[[ AVAILABLE DATA open ]]
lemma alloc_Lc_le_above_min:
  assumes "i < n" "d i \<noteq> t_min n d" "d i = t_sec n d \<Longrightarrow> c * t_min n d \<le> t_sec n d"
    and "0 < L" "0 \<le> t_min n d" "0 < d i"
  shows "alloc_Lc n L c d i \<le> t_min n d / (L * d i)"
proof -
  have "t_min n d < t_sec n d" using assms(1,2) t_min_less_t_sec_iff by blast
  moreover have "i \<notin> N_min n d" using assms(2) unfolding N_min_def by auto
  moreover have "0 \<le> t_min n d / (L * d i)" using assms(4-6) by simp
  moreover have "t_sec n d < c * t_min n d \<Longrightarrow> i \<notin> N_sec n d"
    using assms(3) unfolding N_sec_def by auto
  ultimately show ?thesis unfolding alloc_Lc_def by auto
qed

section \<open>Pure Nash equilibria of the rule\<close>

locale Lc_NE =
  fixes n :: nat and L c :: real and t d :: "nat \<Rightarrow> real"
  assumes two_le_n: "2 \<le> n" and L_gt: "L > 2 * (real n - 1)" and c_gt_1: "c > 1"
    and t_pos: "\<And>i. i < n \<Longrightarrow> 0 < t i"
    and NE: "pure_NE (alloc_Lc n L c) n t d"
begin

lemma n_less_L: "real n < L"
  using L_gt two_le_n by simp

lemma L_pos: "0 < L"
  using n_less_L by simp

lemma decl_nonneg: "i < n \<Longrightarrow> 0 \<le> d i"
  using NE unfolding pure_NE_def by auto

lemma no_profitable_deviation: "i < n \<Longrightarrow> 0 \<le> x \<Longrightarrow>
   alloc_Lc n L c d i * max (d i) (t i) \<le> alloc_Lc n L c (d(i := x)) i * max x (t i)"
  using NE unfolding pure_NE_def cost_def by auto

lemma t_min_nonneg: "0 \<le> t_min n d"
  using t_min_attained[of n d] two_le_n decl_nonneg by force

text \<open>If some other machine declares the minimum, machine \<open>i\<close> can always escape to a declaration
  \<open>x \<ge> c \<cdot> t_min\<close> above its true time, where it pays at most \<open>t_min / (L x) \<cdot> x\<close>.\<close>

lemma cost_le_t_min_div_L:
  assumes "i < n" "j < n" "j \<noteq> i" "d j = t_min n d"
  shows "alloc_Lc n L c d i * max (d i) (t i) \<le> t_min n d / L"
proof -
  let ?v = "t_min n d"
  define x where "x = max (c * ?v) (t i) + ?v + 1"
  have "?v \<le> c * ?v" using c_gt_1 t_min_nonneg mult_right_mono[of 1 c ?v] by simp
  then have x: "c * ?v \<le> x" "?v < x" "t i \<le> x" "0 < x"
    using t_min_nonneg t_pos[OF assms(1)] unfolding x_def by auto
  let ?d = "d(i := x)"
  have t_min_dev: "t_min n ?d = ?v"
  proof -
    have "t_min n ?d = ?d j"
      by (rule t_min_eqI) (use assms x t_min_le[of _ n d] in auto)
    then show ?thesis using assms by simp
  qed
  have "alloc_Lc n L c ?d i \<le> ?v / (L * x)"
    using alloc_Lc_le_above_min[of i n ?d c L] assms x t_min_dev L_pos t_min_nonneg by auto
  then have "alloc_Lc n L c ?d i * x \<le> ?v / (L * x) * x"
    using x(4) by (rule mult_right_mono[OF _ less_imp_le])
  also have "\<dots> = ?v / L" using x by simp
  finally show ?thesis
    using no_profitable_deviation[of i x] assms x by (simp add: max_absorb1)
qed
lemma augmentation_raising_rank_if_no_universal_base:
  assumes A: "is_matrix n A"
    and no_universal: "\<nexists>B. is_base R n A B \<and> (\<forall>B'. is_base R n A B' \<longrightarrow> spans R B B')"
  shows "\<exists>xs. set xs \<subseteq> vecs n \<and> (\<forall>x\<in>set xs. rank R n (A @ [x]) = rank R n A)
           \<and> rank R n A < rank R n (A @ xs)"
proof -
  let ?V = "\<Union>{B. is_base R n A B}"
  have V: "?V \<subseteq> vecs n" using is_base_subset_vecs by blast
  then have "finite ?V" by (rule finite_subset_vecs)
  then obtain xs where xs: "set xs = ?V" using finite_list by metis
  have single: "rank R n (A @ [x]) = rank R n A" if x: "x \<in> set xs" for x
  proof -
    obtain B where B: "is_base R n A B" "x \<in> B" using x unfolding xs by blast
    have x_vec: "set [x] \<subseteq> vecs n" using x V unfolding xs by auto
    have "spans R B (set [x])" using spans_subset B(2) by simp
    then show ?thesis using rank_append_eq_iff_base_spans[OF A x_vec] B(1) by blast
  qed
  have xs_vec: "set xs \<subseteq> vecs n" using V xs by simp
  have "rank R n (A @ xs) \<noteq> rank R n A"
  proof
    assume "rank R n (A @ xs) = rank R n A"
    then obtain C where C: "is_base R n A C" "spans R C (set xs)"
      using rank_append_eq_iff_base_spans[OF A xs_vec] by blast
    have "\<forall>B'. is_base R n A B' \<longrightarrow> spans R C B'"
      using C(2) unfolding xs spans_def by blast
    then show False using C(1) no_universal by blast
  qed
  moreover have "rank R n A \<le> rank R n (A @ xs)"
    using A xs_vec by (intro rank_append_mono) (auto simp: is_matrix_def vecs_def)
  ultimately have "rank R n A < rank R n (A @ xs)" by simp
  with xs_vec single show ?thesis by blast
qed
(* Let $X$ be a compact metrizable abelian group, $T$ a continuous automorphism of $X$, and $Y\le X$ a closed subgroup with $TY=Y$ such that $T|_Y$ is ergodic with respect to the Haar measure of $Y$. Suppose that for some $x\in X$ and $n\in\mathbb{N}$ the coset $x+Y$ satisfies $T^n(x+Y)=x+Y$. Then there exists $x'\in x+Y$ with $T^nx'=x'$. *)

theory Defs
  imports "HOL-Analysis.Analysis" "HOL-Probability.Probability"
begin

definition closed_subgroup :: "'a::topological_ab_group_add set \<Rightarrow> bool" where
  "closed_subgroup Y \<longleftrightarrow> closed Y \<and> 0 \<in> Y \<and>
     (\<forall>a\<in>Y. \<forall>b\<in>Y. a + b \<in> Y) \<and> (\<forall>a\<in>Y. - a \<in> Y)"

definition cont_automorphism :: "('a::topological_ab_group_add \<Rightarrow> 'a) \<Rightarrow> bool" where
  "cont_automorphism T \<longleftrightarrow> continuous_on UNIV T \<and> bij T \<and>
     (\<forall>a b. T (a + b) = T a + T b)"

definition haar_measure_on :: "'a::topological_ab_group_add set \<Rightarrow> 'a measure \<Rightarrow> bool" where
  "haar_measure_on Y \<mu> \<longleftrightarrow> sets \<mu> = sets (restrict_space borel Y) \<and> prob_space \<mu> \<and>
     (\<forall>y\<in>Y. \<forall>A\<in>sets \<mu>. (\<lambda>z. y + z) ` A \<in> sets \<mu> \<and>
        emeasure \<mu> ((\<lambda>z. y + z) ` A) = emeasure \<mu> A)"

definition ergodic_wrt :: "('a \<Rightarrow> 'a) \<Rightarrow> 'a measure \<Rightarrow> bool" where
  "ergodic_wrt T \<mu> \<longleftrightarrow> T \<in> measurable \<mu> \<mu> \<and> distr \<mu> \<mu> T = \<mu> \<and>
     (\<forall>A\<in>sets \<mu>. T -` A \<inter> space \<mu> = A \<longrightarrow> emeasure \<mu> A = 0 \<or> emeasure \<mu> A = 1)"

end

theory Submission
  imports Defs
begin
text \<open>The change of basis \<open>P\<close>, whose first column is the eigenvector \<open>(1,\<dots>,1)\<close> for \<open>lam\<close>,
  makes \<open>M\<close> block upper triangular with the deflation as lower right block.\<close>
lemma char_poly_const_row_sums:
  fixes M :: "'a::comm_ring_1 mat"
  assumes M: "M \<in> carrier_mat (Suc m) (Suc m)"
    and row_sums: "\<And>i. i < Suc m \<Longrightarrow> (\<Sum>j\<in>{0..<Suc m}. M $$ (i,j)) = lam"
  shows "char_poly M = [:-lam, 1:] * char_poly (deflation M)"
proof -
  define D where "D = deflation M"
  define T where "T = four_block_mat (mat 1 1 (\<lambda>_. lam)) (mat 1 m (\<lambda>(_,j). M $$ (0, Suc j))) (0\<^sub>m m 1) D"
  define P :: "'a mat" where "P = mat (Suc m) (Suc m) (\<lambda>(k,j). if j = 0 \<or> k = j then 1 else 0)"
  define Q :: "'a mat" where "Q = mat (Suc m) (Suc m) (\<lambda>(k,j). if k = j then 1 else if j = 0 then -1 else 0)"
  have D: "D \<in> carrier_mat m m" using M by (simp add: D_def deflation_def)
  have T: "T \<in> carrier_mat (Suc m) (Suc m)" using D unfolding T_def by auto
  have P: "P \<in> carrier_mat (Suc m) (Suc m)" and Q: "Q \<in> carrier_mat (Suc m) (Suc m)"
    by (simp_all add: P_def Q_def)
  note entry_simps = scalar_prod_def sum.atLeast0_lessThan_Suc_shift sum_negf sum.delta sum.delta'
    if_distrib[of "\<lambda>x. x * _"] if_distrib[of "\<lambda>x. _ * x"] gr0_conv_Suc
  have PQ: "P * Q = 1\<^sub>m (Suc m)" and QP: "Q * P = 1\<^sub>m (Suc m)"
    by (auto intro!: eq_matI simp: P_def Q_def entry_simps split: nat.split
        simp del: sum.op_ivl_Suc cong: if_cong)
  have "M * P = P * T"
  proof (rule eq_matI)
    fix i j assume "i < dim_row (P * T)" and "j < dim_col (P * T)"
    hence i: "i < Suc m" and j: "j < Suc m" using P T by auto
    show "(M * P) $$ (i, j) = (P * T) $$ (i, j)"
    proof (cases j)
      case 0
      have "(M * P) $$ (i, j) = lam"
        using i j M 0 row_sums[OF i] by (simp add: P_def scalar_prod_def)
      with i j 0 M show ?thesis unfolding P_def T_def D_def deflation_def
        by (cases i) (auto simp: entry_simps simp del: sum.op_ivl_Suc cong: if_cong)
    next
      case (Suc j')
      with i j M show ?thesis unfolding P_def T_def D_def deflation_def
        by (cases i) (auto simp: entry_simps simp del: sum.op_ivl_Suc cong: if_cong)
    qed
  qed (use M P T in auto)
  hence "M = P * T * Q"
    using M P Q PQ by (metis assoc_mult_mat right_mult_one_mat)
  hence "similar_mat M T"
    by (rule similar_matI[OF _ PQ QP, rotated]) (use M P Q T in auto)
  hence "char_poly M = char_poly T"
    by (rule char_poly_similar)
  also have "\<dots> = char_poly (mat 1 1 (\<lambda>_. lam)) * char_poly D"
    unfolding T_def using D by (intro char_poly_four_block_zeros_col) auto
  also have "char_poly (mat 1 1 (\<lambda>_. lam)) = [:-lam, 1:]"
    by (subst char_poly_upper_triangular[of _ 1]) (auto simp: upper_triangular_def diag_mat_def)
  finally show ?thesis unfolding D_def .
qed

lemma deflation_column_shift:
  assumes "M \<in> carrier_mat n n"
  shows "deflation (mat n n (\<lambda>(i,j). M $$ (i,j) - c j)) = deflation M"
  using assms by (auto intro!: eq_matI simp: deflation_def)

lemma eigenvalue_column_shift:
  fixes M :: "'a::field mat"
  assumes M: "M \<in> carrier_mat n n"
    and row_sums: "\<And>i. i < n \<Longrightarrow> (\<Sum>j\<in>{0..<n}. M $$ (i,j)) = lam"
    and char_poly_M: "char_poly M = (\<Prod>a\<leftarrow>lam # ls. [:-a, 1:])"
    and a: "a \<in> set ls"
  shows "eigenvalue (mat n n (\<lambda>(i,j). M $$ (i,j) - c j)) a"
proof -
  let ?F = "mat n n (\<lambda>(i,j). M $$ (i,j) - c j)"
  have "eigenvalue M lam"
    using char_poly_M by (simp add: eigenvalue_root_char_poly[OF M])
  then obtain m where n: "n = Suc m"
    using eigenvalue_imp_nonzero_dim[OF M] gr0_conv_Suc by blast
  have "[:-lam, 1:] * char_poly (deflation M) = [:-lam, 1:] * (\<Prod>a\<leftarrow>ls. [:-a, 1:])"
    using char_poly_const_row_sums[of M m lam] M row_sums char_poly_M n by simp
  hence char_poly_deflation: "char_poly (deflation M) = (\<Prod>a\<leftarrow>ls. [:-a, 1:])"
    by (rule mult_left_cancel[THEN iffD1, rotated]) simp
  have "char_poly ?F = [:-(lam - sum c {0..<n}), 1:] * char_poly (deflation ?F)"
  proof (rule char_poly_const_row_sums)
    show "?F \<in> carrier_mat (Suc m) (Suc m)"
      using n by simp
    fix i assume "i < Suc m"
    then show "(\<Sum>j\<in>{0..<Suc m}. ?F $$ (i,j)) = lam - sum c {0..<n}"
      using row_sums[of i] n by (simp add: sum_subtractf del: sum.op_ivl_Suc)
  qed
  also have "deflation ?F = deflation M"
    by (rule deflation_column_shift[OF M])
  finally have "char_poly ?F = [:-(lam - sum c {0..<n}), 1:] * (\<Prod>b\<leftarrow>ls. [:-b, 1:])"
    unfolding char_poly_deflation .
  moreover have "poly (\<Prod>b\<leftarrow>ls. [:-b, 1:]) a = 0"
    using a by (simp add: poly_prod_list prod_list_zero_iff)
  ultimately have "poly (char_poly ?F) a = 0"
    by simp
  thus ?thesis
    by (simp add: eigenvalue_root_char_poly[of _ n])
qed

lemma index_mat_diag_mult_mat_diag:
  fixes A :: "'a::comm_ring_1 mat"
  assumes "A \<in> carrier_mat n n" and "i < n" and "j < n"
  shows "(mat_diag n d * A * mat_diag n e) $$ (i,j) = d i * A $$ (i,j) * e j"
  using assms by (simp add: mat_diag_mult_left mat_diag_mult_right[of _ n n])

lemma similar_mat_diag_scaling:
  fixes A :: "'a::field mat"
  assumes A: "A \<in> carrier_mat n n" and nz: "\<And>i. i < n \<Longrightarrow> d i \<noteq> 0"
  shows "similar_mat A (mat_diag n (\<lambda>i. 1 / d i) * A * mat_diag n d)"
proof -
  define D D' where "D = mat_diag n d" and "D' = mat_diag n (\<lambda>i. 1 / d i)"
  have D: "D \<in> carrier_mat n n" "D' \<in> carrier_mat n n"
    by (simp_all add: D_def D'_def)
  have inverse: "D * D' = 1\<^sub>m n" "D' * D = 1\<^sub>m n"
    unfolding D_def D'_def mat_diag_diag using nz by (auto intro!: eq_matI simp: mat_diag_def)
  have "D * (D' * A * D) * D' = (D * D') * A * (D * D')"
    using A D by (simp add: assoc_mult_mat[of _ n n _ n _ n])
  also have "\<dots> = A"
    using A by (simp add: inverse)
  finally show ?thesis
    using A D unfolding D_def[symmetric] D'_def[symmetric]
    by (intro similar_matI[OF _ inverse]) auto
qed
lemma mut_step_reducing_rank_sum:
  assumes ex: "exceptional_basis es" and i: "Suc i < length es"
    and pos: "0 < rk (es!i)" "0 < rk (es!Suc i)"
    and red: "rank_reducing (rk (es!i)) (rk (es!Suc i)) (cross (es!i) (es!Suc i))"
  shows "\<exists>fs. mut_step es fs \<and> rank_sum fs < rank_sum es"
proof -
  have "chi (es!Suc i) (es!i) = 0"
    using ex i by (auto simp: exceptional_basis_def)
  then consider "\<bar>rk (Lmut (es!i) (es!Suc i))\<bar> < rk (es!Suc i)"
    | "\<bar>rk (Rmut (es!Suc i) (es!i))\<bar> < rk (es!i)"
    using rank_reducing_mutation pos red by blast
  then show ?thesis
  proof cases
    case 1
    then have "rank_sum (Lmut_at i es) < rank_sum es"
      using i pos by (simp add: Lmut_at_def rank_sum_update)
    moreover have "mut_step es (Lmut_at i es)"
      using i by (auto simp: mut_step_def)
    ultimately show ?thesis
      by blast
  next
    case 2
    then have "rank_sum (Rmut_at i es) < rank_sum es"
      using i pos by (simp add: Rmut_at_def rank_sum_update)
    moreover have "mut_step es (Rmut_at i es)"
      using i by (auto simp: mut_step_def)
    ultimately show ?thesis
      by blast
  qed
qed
[[ AVAILABLE DATA closed ]]
**ASSIGNMENT**. Among the lines above, which ones hold the string "forall"? Show them.

**EXERCISE RESPONSE**.
    and no_universal: "\<nexists>B. is_base R n A B \<and> (\<forall>B'. is_base R n A B' \<longrightarrow> spans R B B')"
  shows "\<exists>xs. set xs \<subseteq> vecs n \<and> (\<forall>x\<in>set xs. rank R n (A @ [x]) = rank R n A)
    have "\<forall>B'. is_base R n A B' \<longrightarrow> spans R C B'"
     (\<forall>a\<in>Y. \<forall>b\<in>Y. a + b \<in> Y) \<and> (\<forall>a\<in>Y. - a \<in> Y)"
     (\<forall>a b. T (a + b) = T a + T b)"
     (\<forall>y\<in>Y. \<forall>A\<in>sets \<mu>. (\<lambda>z. y + z) ` A \<in> sets \<mu> \<and>
     (\<forall>A\<in>sets \<mu>. T -` A \<inter> space \<mu> = A \<longrightarrow> emeasure \<mu> A = 0 \<or> emeasure \<mu> A = 1)"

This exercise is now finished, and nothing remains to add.